Database Services in AWs
Amazon RDBMS is a fully-managed database service that makes it easy to launch database servers in the AWS cloud and scale them when required. The RDS service can launch servers for MySQL, including variations of the MySQL database engine with MariaDB and Amazon's own enterprise version of MySQL called Amazon Aurora. Standard PostgreSQL is also available and also available as Amazon's Enterprise Aurora PostgreSQL. Microsoft SQL server and Oracle are also available.
Dynamo DB is AWS's NoSQL database as a service. It's a serverless service like Amazon S3, and as such, you don't need to worry about the underlying infrastructure behind it. AWS takes care of everything for you, and it provides high speed, extremely low latency performance.

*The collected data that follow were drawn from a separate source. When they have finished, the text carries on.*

(* Let $n\ge 2$ and let $f:\{0,1\}^n\to\{0,1\}^{n-1}$ be a function that eliminates one bit, i.e. there is $k\in\{0,\dots,n-1\}$ such that $f(x_{n-1}\dots x_{k+1}x_kx_{k-1}\dots x_0)=x_{n-1}\dots x_{k+1}x_{k-1}\dots x_0$ for all inputs. For $i=0,\dots,n-2$, run the algorithm $\mathrm{GPK}(\mathbf{e}_i)$ (with $m=n-1$), where $\mathbf{e}_i\in\{0,1\}^{n-1}$ is the string with a single $1$ in position $i$. Then each run outputs, with certainty, a string of the form $\mathbf{e}'_j\in\{0,1\}^n$ (the string of length $n$ with a single $1$ in position $j$), the $n-1$ outputs are distinct, and the unique $j\in\{0,\dots,n-1\}$ such that $\mathbf{e}'_j$ is not among the outputs is $j=k$, the eliminated bit. Hence the eliminated bit is determined by these $n-1$ runs.
   Context: Bits of a string $\mathbf{x}=x_{n-1}\dots x_1x_0$ are indexed from the right starting at $0$; the string with a single $1$ in position $i$ is $0^{\,\ell-1-i}\,1\,0^{\,i}$ (of length $\ell$). For strings $\mathbf{y},\mathbf{z}$ of equal length, $\mathbf{y}\oplus\mathbf{z}$ is bitwise XOR and $\mathbf{y}\cdot\mathbf{z}=\bigoplus_j y_jz_j$. For $f:\{0,1\}^n\to\{0,1\}^m$, $\mathbf{U}_f$ is the unitary with $\mathbf{U}_f(\ket{\mathbf{x}}_n\otimes\ket{\mathbf{z}}_m)=\ket{\mathbf{x}}_n\otimes\ket{\mathbf{z}\oplus f(\mathbf{x})}_m$; $\mathbf{H}_k=\mathbf{H}^{\otimes k}$ with $\mathbf{H}$ the one-qubit Hadamard gate. The algorithm $\mathrm{GPK}(\mathbf{y})$ for a marker $\mathbf{y}\in\{0,1\}^m$: start in $\ket{\mathbf{0}}_n\otimes\ket{\mathbf{0}}_m$; apply Pauli $\mathbf{X}$ gates to the second register to obtain $\ket{\mathbf{0}}_n\otimes\ket{\mathbf{y}}_m$; apply $\mathbf{H}_{n+m}$ to all qubits; apply $\mathbf{U}_f$; apply $\mathbf{H}_n$ to the first register; measure the first register in the computational basis, obtaining an output $\delta\in\{0,1\}^n$. *)

theory Defs
  imports Complex_Main
begin

text \<open>A bit string of length l is encoded as a natural number
x < 2^l, bit i of the string (indexed from the right, starting at 0) being
bit x i. The string with a single 1 in position i is 2^i. A state of a
register of q qubits is a function from basis indices {0..<2^q} to complex
amplitudes. For the two-register system |x>_n (x) |z>_m the basis index is
x * 2^m + z, so qubit j < m is bit j of the second register and qubit m + i
is bit i of the first register.\<close>

type_synonym state = "nat \<Rightarrow> complex"

definition ket :: "nat \<Rightarrow> state" where
  "ket b = (\<lambda>u. if u = b then 1 else 0)"

definition pauliX :: "nat \<Rightarrow> state \<Rightarrow> state" where
  "pauliX j \<psi> = (\<lambda>u. \<psi> (flip_bit j u))"

text \<open>One-qubit Hadamard gate on qubit j:
  H|0> = (|0>+|1>)/sqrt 2,  H|1> = (|0>-|1>)/sqrt 2.\<close>
definition hadamard :: "nat \<Rightarrow> state \<Rightarrow> state" where
  "hadamard j \<psi> = (\<lambda>u. (\<psi> (unset_bit j u) + (if bit u j then -1 else 1) * \<psi> (set_bit j u))
                         / complex_of_real (sqrt 2))"

text \<open>The oracle U_f : |x>_n |z>_m \<mapsto> |x>_n |z xor f x>_m (a permutation of basis states,
  which is an involution).\<close>
definition Uf :: "nat \<Rightarrow> nat \<Rightarrow> (nat \<Rightarrow> nat) \<Rightarrow> state \<Rightarrow> state" where
  "Uf n m f \<psi> = (\<lambda>u. if u < 2 ^ (n + m)
      then \<psi> ((u div 2 ^ m) * 2 ^ m + xor (u mod 2 ^ m) (f (u div 2 ^ m)))
      else 0)"

definition gpk_state :: "nat \<Rightarrow> nat \<Rightarrow> (nat \<Rightarrow> nat) \<Rightarrow> nat \<Rightarrow> state" where
  "gpk_state n m f y =
     (let \<psi>0 = ket 0;
          \<psi>1 = fold (\<lambda>j \<psi>. if bit y j then pauliX j \<psi> else \<psi>) [0..<m] \<psi>0;
          \<psi>2 = fold hadamard [0..<n + m] \<psi>1;
          \<psi>3 = Uf n m f \<psi>2;
          \<psi>4 = fold hadamard [m..<n + m] \<psi>3
      in \<psi>4)"

text \<open>Probability that measuring the first register (in the computational basis)
  yields the output \<delta>.\<close>
definition gpk_prob :: "nat \<Rightarrow> nat \<Rightarrow> (nat \<Rightarrow> nat) \<Rightarrow> nat \<Rightarrow> nat \<Rightarrow> real" where
  "gpk_prob n m f y \<delta> = (\<Sum>z<2 ^ m. (cmod (gpk_state n m f y (\<delta> * 2 ^ m + z)))\<^sup>2)"

definition eliminates_bit :: "nat \<Rightarrow> (nat \<Rightarrow> nat) \<Rightarrow> nat \<Rightarrow> bool" where
  "eliminates_bit n f k \<longleftrightarrow> k < n \<and>
     (\<forall>x < 2 ^ n. f x < 2 ^ (n - 1) \<and>
        (\<forall>i < k. bit (f x) i = bit x i) \<and>
        (\<forall>i. k \<le> i \<and> i < n - 1 \<longrightarrow> bit (f x) i = bit x (i + 1)))"

end

theory Submission
  imports Defs
begin

text \<open>All states occurring in a run of GPK(e_i) are product states, and all gates act
  qubitwise on them. X and the first Hadamard layer prepare |-> on output qubit i and |+>
  on every other qubit. Since f copies input bit j into output bit i, U_f merely multiplies
  the amplitude of |x>|z> by (-1)^(x_j) (phase kickback), so input qubit j becomes |->.
  The last Hadamard layer then maps the input register to the basis state e_j, which is
  therefore measured with certainty. As i ranges over 0..n-2, the copied position j
  ranges over all positions except the eliminated one, k.\<close>

lemma bit_div_exp_nat: "bit ((a::nat) div 2 ^ m) k \<longleftrightarrow> bit a (m + k)"
  by (simp flip: drop_bit_eq_div add: bit_drop_bit_eq)

lemma bit_mod_exp_nat: "bit ((a::nat) mod 2 ^ m) k \<longleftrightarrow> k < m \<and> bit a k"
  by (simp flip: take_bit_eq_mod add: bit_take_bit_iff)

lemma less_exp_iff_no_high_bits: "(a::nat) < 2 ^ q \<longleftrightarrow> (\<forall>k\<ge>q. \<not> bit a k)"
proof -
  have "a < 2 ^ q \<longleftrightarrow> a div 2 ^ q = 0"
    by (simp add: div_eq_0_iff)
  also have "\<dots> \<longleftrightarrow> (\<forall>k. \<not> bit a (q + k))"
    using bit_eq_iff[of "a div 2 ^ q" 0] by (simp add: bit_div_exp_nat)
  also have "\<dots> \<longleftrightarrow> (\<forall>k\<ge>q. \<not> bit a k)"
    by (metis le_add1 le_add_diff_inverse)
  finally show ?thesis .
qed

lemma bit_high_low_nat:
  assumes "z < 2 ^ m"
  shows "bit (x * 2 ^ m + z :: nat) l \<longleftrightarrow> (if l < m then bit z l else bit x (l - m))"
  using assms bit_mod_exp_nat[of "x * 2 ^ m + z" m l] bit_div_exp_nat[of "x * 2 ^ m + z" m "l - m"]
  by (simp split: if_split)

definition product_state :: "nat \<Rightarrow> (nat \<Rightarrow> bool \<Rightarrow> complex) \<Rightarrow> state" where
  "product_state q g = (\<lambda>u. if u < 2 ^ q then \<Prod>l<q. g l (bit u l) else 0)"

definition qubit_hadamard :: "(bool \<Rightarrow> complex) \<Rightarrow> bool \<Rightarrow> complex" where
  "qubit_hadamard h = (\<lambda>b. (h False + (if b then -1 else 1) * h True) / complex_of_real (sqrt 2))"

definition qubit_ket :: "bool \<Rightarrow> bool \<Rightarrow> complex" where
  "qubit_ket c = (\<lambda>b. if b = c then 1 else 0)"

definition hadamard_ket :: "bool \<Rightarrow> bool \<Rightarrow> complex" where
  "hadamard_ket c = (\<lambda>b. (if b \<and> c then -1 else 1) / complex_of_real (sqrt 2))"

lemma qubit_hadamard_qubit_ket: "qubit_hadamard (qubit_ket c) = hadamard_ket c"
  by (auto simp: qubit_hadamard_def qubit_ket_def hadamard_ket_def)

lemma qubit_hadamard_hadamard_ket: "qubit_hadamard (hadamard_ket c) = qubit_ket c"
proof -
  have "complex_of_real (sqrt 2) * complex_of_real (sqrt 2) = 2"
    by (simp flip: of_real_mult)
  then show ?thesis
    by (auto simp: qubit_hadamard_def qubit_ket_def hadamard_ket_def field_simps)
qed

lemma product_state_cong:
  "(\<And>l. l < q \<Longrightarrow> g l = g' l) \<Longrightarrow> product_state q g = product_state q g'"
  unfolding product_state_def by (intro ext prod.cong) auto

lemma hadamard_product_state:
  assumes "j < q"
  shows "hadamard j (product_state q g) = product_state q (g(j := qubit_hadamard (g j)))"
proof
  fix u :: nat
  let ?rest = "\<lambda>w. \<Prod>l\<in>{..<q} - {j}. g l (bit w l)"
  have rest: "?rest (unset_bit j u) = ?rest u" "?rest (set_bit j u) = ?rest u"
    by (auto intro!: prod.cong simp: bit_unset_bit_iff bit_set_bit_iff)
  have "(\<Prod>l\<in>{..<q} - {j}. (g(j := h)) l (bit u l)) = ?rest u" for h
    by (rule prod.cong) auto
  moreover have "unset_bit j u < 2 ^ q \<longleftrightarrow> u < 2 ^ q" "set_bit j u < 2 ^ q \<longleftrightarrow> u < 2 ^ q"
    using assms by (auto simp: less_exp_iff_no_high_bits bit_unset_bit_iff bit_set_bit_iff)
  ultimately show "hadamard j (product_state q g) u = product_state q (g(j := qubit_hadamard (g j))) u"
    using assms rest
    by (simp add: hadamard_def product_state_def prod.remove[of "{..<q}" j] qubit_hadamard_def
        bit_unset_bit_iff bit_set_bit_iff field_simps)
qed

lemma pauliX_product_state:
  assumes "j < q"
  shows "pauliX j (product_state q g) = product_state q (g(j := g j \<circ> Not))"
proof
  fix u :: nat
  have "(\<Prod>l\<in>{..<q} - {j}. g l (bit (flip_bit j u) l)) = (\<Prod>l\<in>{..<q} - {j}. g l (bit u l))"
    by (auto intro!: prod.cong simp: bit_flip_bit_iff)
  moreover have "(\<Prod>l\<in>{..<q} - {j}. (g(j := h)) l (bit u l)) = (\<Prod>l\<in>{..<q} - {j}. g l (bit u l))" for h
    by (rule prod.cong) auto
  moreover have "flip_bit j u < 2 ^ q \<longleftrightarrow> u < 2 ^ q"
    using assms by (auto simp: less_exp_iff_no_high_bits bit_flip_bit_iff)
  ultimately show "pauliX j (product_state q g) u = product_state q (g(j := g j \<circ> Not)) u"
    using assms by (simp add: pauliX_def product_state_def prod.remove[of "{..<q}" j] bit_flip_bit_iff)
qed

lemma fold_qubitwise_product_state:
  assumes gate: "\<And>l g. l < q \<Longrightarrow> G l (product_state q g) = product_state q (g(l := F l (g l)))"
    and "distinct xs" and "set xs \<subseteq> {..<q}"
  shows "fold G xs (product_state q g) = product_state q (\<lambda>l. if l \<in> set xs then F l (g l) else g l)"
  using assms(2,3)
proof (induction xs arbitrary: g)
  case Nil
  then show ?case by simp
next
  case (Cons x xs)
  have "fold G (x # xs) (product_state q g) = fold G xs (product_state q (g(x := F x (g x))))"
    using Cons.prems gate by simp
  also have "\<dots> = product_state q (\<lambda>l. if l \<in> set (x # xs) then F l (g l) else g l)"
    using Cons by (auto intro!: product_state_cong)
  finally show ?case .
qed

Amazon redshift is a fast, fully managed petabyte-scale data warehouse that is based upon the PostgreSQL database engine. If you're looking for a big data storage solution, Redshift is perfect for this.
Amazon Elastic Cache is an in-memory data store or cache in the cloud. It allows you to retrieve information from fast, fully managed in-memory caches, instead of relying for slower disk-based databases.
The AWS DB migration service orchestrates the migration of databases over to AWS easily and securely. It can also migrate data from one database engine type to another totally different database engine type. For example, you can use it to migrate from Oracle over to Amazon Aurora.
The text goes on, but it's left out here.